Conor McDonald

Personal information
- Native name: Conchúr Mac Domhnall (Irish)
- Born: 22 September 1995 (age 30) Gorey, County Wexford, Ireland
- Occupation: Personal trainer
- Height: 1.88 m (6 ft 2 in)

Sport
- Sport: Hurling
- Position: Full-forward

Club
- Years: Club
- 2012–present: Naomh Éanna

Club titles
- Wexford titles: 2

College
- Years: College
- University College Dublin

College titles
- Fitzgibbon titles: 0

Inter-county*
- Years: County / Apps (scores)
- 2013–present: Wexford / 57 (22-135)

Inter-county titles
- Leinster titles: 1
- All-Irelands: 0
- NHL: 0
- All Stars: 0
- *Inter County team apps and scores correct as of match played 25 May 2025.

= Conor McDonald =

Irish hurler

Conor McDonald (born 22 September 1995) is an Irish hurler who plays for Wexford Senior Championship club Naomh Éanna and at inter-county level with the Wexford senior hurling team. He usually lines out as a full-forward.

==Playing career==
===Gorey Community School===

McDonald first came to prominence as a hurler with Gorey Community School and Naomh Eanna GAA Club. He played in every grade of hurling before eventually joining the college's senior hurling team and lined out in several Leinster Championship campaigns.

===University College Dublin===

As a student at University College Dublin, McDonald joined the senior hurling team during his second year. He lined out for the college in the Fitzgibbon Cup and Walsh Cup.

===Naomh Éanna===

McDonald joined the Naomh Éanna club at a young age and played in all grades at juvenile and underage levels. He enjoyed championship success in the under-12 grade, however, he subsequently went on to lose finals at under-14, under-16, minor and under-21 level.

McDonald joined the club's top adult team as a 16-year-old during the 2012 Intermediate A Championship. On 6 October 2012, he was at full-forward when Naomh Éanna faced Marshalstown-Castledockrell in the championship final. McDonald collected a winners' medal after scoring a first-half goal in the 1-15 to 1-11 victory.

On 17 October 2015, McDonald lined out at full-forward when Naomh Éanna faced Crossabeg-Ballymurn in the final of the Wexford Intermediate Championship. He scored 1-05 in the 1-15 to 2-11 victory.

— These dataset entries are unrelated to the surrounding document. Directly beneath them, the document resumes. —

lemma even_card_sign_changes:
  fixes P :: "'a \<Rightarrow> bool"
  assumes fin: "finite I" and bij: "bij_betw p I I"
  shows "even (card {i \<in> I. P (p i) \<noteq> P i})"
proof -
  have "(\<Sum>i\<in>I. of_bool (P (p i)) :: nat) = (\<Sum>i\<in>I. of_bool (P i))"
    using sum.reindex_bij_betw[OF bij, of "\<lambda>i. of_bool (P i)"] by simp
  moreover have "(\<Sum>i\<in>I. of_bool (P (p i)) + of_bool (P i) :: nat) =
      (\<Sum>i\<in>I. of_bool (P (p i) \<noteq> P i) + 2 * of_bool (P (p i) \<and> P i))"
    by (rule sum.cong) auto
  moreover have "(\<Sum>i\<in>I. of_bool (P (p i) \<noteq> P i) :: nat) = card {i \<in> I. P (p i) \<noteq> P i}"
  proof -
    have "{i \<in> I. P (p i) \<noteq> P i} = I \<inter> {i. P (p i) \<noteq> P i}" by blast
    then show ?thesis using fin by simp
  qed
  ultimately have "card {i \<in> I. P (p i) \<noteq> P i} + 2 * (\<Sum>i\<in>I. of_bool (P (p i) \<and> P i)) =
      (\<Sum>i\<in>I. of_bool (P i) :: nat) + (\<Sum>i\<in>I. of_bool (P i))"
    by (simp only: sum.distrib sum_distrib_left)
  then show ?thesis by presburger
qed

lemma predecessor_list_edges:
  assumes "vs \<noteq> []" "set vs = I"
    and pred: "\<And>k. k < length vs \<Longrightarrow> p (vs ! (Suc k mod length vs)) = vs ! k"
  shows "{(p i, i) | i. i \<in> I} = {(vs ! k, vs ! (Suc k mod length vs)) | k. k < length vs}"
    and "p ` I = I"
proof -
  let ?n = "length vs"
  have next_in: "vs ! (Suc k mod ?n) \<in> I" for k
    using assms(1,2) by (metis nth_mem length_greater_0_conv mod_less_divisor)
  show "{(p i, i) | i. i \<in> I} = {(vs ! k, vs ! (Suc k mod ?n)) | k. k < ?n}"
  proof (intro set_eqI iffI)
    fix e assume "e \<in> {(p i, i) | i. i \<in> I}"
    then obtain i where i: "i \<in> I" "e = (p i, i)" by blast
    then obtain k where "k < ?n" "vs ! (Suc k mod ?n) = i"
      using cyclic_predecessor[OF assms(1)] assms(2) by metis
    then show "e \<in> {(vs ! k, vs ! (Suc k mod ?n)) | k. k < ?n}" using pred i(2) by force
  next
    fix e assume "e \<in> {(vs ! k, vs ! (Suc k mod ?n)) | k. k < ?n}"
    then obtain k where k: "k < ?n" "e = (vs ! k, vs ! (Suc k mod ?n))" by blast
    then show "e \<in> {(p i, i) | i. i \<in> I}" using pred[OF k(1)] next_in by force
  qed
  show "p ` I = I"
  proof
    show "p ` I \<subseteq> I"
    proof
      fix j assume "j \<in> p ` I"
      then obtain i where "i \<in> I" "j = p i" by blast
      then obtain k where "k < ?n" "vs ! (Suc k mod ?n) = i"
        using cyclic_predecessor[OF assms(1)] assms(2) by metis
      then show "j \<in> I" using pred \<open>j = p i\<close> assms(2) by (metis nth_mem)
    qed
    show "I \<subseteq> p ` I"
    proof
      fix i assume "i \<in> I"
      then obtain k where k: "k < ?n" "vs ! k = i" using assms(2) by (metis in_set_conv_nth)
      then show "i \<in> p ` I" using pred[OF k(1)] next_in[of k] by (metis image_eqI)
    qed
  qed
qed

lemma copy_cycle_positive_circular:
  fixes P :: "'v \<Rightarrow> bool"
  assumes fin: "finite I" and w0: "w0 \<in> I" and maps: "\<forall>i\<in>I. p i \<in> I"
    and reach: "\<forall>v\<in>I. \<forall>w\<in>I. \<exists>m. (p ^^ m) v = w"
    and copies: "\<And>y i. y \<in> conf I \<Longrightarrow> i \<in> I \<Longrightarrow> h y i = (y (p i) = (P (p i) = P i))"
  shows "positive_circular I h"
proof -
  note arcs =
    arcs_of_copy_network[where I = I and p = p and h = h and s = "\<lambda>i. P (p i) = P i", OF maps copies]
  obtain vs where vs: "distinct vs" "vs \<noteq> []" "set vs = I"
    and pred: "\<And>k. k < length vs \<Longrightarrow> p (vs ! (Suc k mod length vs)) = vs ! k"
    using funpow_orbit_cycle_list[OF w0 maps reach] by blast
  note edges = predecessor_list_edges[OF vs(2,3) pred]
  have "{(j, i). pos_arc I h j i \<or> neg_arc I h j i} = {(p i, i) | i. i \<in> I}"
    using arcs by auto
  then have cycle: "{(j, i). pos_arc I h j i \<or> neg_arc I h j i} =
      {(vs ! k, vs ! (Suc k mod length vs)) | k. k < length vs}"
    using edges(1) by simp
  from edges(2) have "bij_betw p I I"
    unfolding bij_betw_def using eq_card_imp_inj_on[OF fin] by metis
  then have "even (card {i \<in> I. P (p i) \<noteq> P i})" by (rule even_card_sign_changes[OF fin])
  moreover have "{(j, i). neg_arc I h j i} = (\<lambda>i. (p i, i)) ` {i \<in> I. P (p i) \<noteq> P i}"
    using arcs by auto
  moreover have "inj (\<lambda>i. (p i, i))" by (rule injI) simp
  ultimately have "even (card {(j, i). neg_arc I h j i})"
    by (simp add: card_image inj_on_subset[OF _ subset_UNIV])
  then show ?thesis
    unfolding positive_circular_def using arcs cycle vs by blast
qed

lemma subnet_value_of_complementary_pair:
  assumes an: "and_net V f" and pair: "fixed_pair V f I P Q" and comp: "\<forall>i\<in>I. Q i = (\<not> P i)"
    and single: "\<forall>i\<in>I. regulators V f I i = {p i}" and y: "y \<in> conf I" and i: "i \<in> I"
  shows "subnet V f I (\<lambda>j. if j \<in> I then False else P j) y i = (y (p i) = (P (p i) = P i))"
proof -
  define W where "W j = (if j \<in> I then y j else P j)" for j
  have "subnet V f I (\<lambda>j. if j \<in> I then False else P j) y i = f W i"
    unfolding subnet_def W_def using i by (simp add: if_distrib)
  moreover have "W \<in> conf V" "\<forall>j. j \<notin> I \<longrightarrow> W j = P j"
    using y pair unfolding W_def conf_def fixed_pair_def by auto
  moreover have "p i \<in> I" using single regulators_subset[of V f I i] i by blast
  ultimately show ?thesis
    using fixed_pair_value[OF an pair comp i] single i unfolding W_def by auto
qed

lemma complementary_pair_positive_circular:
  assumes an: "and_net V f" and pair: "fixed_pair V f I P Q" and comp: "\<forall>i\<in>I. Q i = (\<not> P i)"
    and fin: "finite I" and "I \<noteq> {}" and single: "\<forall>i\<in>I. regulators V f I i = {p i}"
    and full: "\<forall>w\<in>I. spread (regulators V f I) I P w = I"
  shows "\<exists>z\<in>conf (V - I). positive_circular I (subnet V f I z)"
proof -
  let ?z = "\<lambda>j. if j \<in> I then False else P j"
  have "P \<in> conf V" using pair by (simp add: fixed_pair_def)
  then have z: "?z \<in> conf (V - I)" unfolding conf_def by simp
  obtain w0 where w0: "w0 \<in> I" using \<open>I \<noteq> {}\<close> by blast
  have maps: "\<forall>i\<in>I. p i \<in> I" using single regulators_subset[of V f I] by auto
  have reach: "\<forall>v\<in>I. \<forall>w\<in>I. \<exists>m. (p ^^ m) v = w"
    using spread_reached_by_iteration[OF single, of _ P] full by simp
  have "positive_circular I (subnet V f I ?z)"
    by (rule copy_cycle_positive_circular[OF fin w0 maps reach])
      (rule subnet_value_of_complementary_pair[OF an pair comp single])
  then show ?thesis using z by blast
qed

lemma full_spreads_single_regulators:
  assumes an: "and_net V f" and pair: "fixed_pair V f I P Q" and comp: "\<forall>i\<in>I. Q i = (\<not> P i)"
    and fin: "finite I"
    and full_P: "\<forall>w\<in>I. spread (regulators V f I) I P w = I"
    and full_Q: "\<forall>w\<in>I. spread (regulators V f I) I Q w = I"
  obtains p where "\<forall>i\<in>I. regulators V f I i = {p i}"
proof -
  have N: "\<forall>i\<in>I. regulators V f I i \<subseteq> I \<and> regulators V f I i \<noteq> {}"
    using regulators_subset[of V f I] regulators_nonempty[OF an pair comp] by simp
  have comp': "\<forall>i\<in>I. P i = (\<not> Q i)" using comp by simp
  have "\<exists>l. regulators V f I w = {l}" if w: "w \<in> I" for w
  proof (cases "P w")
    case False
    then show ?thesis
      using single_regulator_if_spreads_full[OF fin N comp w False] full_P full_Q w by simp
  next
    case True
    then have "\<not> Q w" using comp w by simp
    then show ?thesis
      using single_regulator_if_spreads_full[OF fin N comp' w] full_P full_Q w by simp
  qed
  then show ?thesis using that by metis
qed

lemma fixed_pair_positive_circular_subnet:
  assumes an: "and_net V f" and finV: "finite V"
  shows "fixed_pair V f I P Q \<Longrightarrow> P \<noteq> Q \<Longrightarrow>
    \<exists>I' z. I' \<noteq> {} \<and> I' \<subseteq> V \<and> z \<in> conf (V - I') \<and> positive_circular I' (subnet V f I' z)"
proof (induction "card I" arbitrary: I P Q rule: less_induct)
  case less
  note pair = less.prems(1)
  have IV: "I \<subseteq> V" and agree_off: "\<forall>j. j \<notin> I \<longrightarrow> P j = Q j"
    using pair by (simp_all add: fixed_pair_def)
  have fin: "finite I" using IV finV by (rule finite_subset)
  have "I \<noteq> {}" using agree_off less.prems(2) by auto
  have shrink: ?case if "w \<in> I" "fixed_pair V f (I - {w}) P' Q'" "P' \<noteq> Q'" for w P' Q'
    using less.hyps[OF card_Diff1_less[OF fin that(1)] that(2,3)] .
  show ?case
  proof (cases "\<exists>i\<in>I. P i = Q i")
    case True
    then obtain i where "i \<in> I" "P i = Q i" by blast
    then have "fixed_pair V f (I - {i}) P Q" using pair unfolding fixed_pair_def by auto
    then show ?thesis using shrink[OF \<open>i \<in> I\<close>] less.prems(2) by simp
  next
    case False
    then have comp: "\<forall>i\<in>I. Q i = (\<not> P i)" and comp': "\<forall>i\<in>I. P i = (\<not> Q i)" by auto
    consider w where "w \<in> I" "spread (regulators V f I) I P w \<noteq> I"
      | w where "w \<in> I" "spread (regulators V f I) I Q w \<noteq> I"
      | "\<forall>w\<in>I. spread (regulators V f I) I P w = I" "\<forall>w\<in>I. spread (regulators V f I) I Q w = I"
      by blast
    then show ?thesis
    proof cases
      case (1 w)
      then obtain W where "fixed_pair V f (I - {w}) P W" "P \<noteq> W"
        using fixed_pair_shrink[OF an pair comp fin] by blast
      then show ?thesis using shrink[OF \<open>w \<in> I\<close>] by simp
    next
      case (2 w)
      then obtain W where "fixed_pair V f (I - {w}) Q W" "Q \<noteq> W"
        using fixed_pair_shrink[OF an fixed_pair_sym[OF pair] comp' fin] by blast
      then show ?thesis using shrink[OF \<open>w \<in> I\<close>] by simp
    next
      case 3
      then obtain p where "\<forall>i\<in>I. regulators V f I i = {p i}"
        using full_spreads_single_regulators[OF an pair comp fin] by blast
      then obtain z where "z \<in> conf (V - I)" "positive_circular I (subnet V f I z)"
        using complementary_pair_positive_circular[OF an pair comp fin \<open>I \<noteq> {}\<close>] 3(1) by blast
      then show ?thesis using IV \<open>I \<noteq> {}\<close> by blast
    qed
  qed
qed

lemma subnet_not_unique_fixed_point_fixed_pair:
  assumes "I \<subseteq> V" "z \<in> conf (V - I)" "\<not> at_most_one_fixed_point I (subnet V f I z)"
  obtains P Q where "fixed_pair V f I P Q" "P \<noteq> Q"
proof -
  obtain x y where x: "x \<in> conf I" "\<forall>i\<in>I. subnet V f I z x i = x i"
    and y: "y \<in> conf I" "\<forall>i\<in>I. subnet V f I z y i = y i" and "x \<noteq> y"
    using assms(3) unfolding at_most_one_fixed_point_def by blast
  let ?P = "\<lambda>j. if j \<in> I then x j else z j" and ?Q = "\<lambda>j. if j \<in> I then y j else z j"
  have "fixed_pair V f I ?P ?Q"
    using assms(1,2) x y unfolding fixed_pair_def subnet_def conf_def by auto
  moreover have "?P \<noteq> ?Q"
  proof
    obtain j where j: "x j \<noteq> y j" using \<open>x \<noteq> y\<close> by blast
    then have "j \<in> I" using x(1) y(1) unfolding conf_def by auto
    moreover assume "?P = ?Q"
    ultimately show False using j by (metis (full_types))
  qed
  ultimately show ?thesis using that by blast
qed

On 21 October 2018, McDonald lined out at full-forward when Naomh Éanna reached the final of the Wexford Senior Championship. He scored 2-01 from play and ended the game with a winners' medal following the 2-11 to 0-13 defeat of St. Martin's.

===Wexford===
====Minor and under-21====

McDonald first lined out for Wexford as a member of the minor team during the 2011 Leinster Championship. He made his first appearance for the team as a 15-year-old on 23 April when he was introduced as an 11th-minute substitute and scored 1-01 in a 3-13 to 3-10 defeat of Offaly.

McDonald was eligible for the minor grade again during the 2012 Leinster Championship. He lined out at full-forward in his first Leinster final on 8 July 2012. McDonald scored 0-05 in the 2-15 to 1-14 defeat by Dublin.

For the third year in succession, McDonald was included on the Wexford minor team in 2013. He made his last appearance in the grade on 23 June when he top scored for the team with 0-05 in a 1-14 to 0-13 defeat by Laois.

McDonald was in his final year with the Wexford minor team when he was drafted onto the under-21 team. He made his first appearance for the team on 11 July 2013 when he lined out at right corner-forward in the Leinster final. McDonald scored two points from play and collected a Leinster Championship medal following the 1-21 to 0-21 defeat of Kilkenny.

On 9 July 2014, McDonald won a second successive Leinster Championship medal after scoring 1-03 from full-forward in a 1-20 to 0-18 defeat of Dublin in the final. On 13 September 2014, he was again selected at full-forward for the All-Ireland final against Clare. McDonald scored a second-half goal but ended on the losing side following a 2-20 to 3-11 victory for Clare. He ended the season by being named in the full-forward position on the Team of the Year.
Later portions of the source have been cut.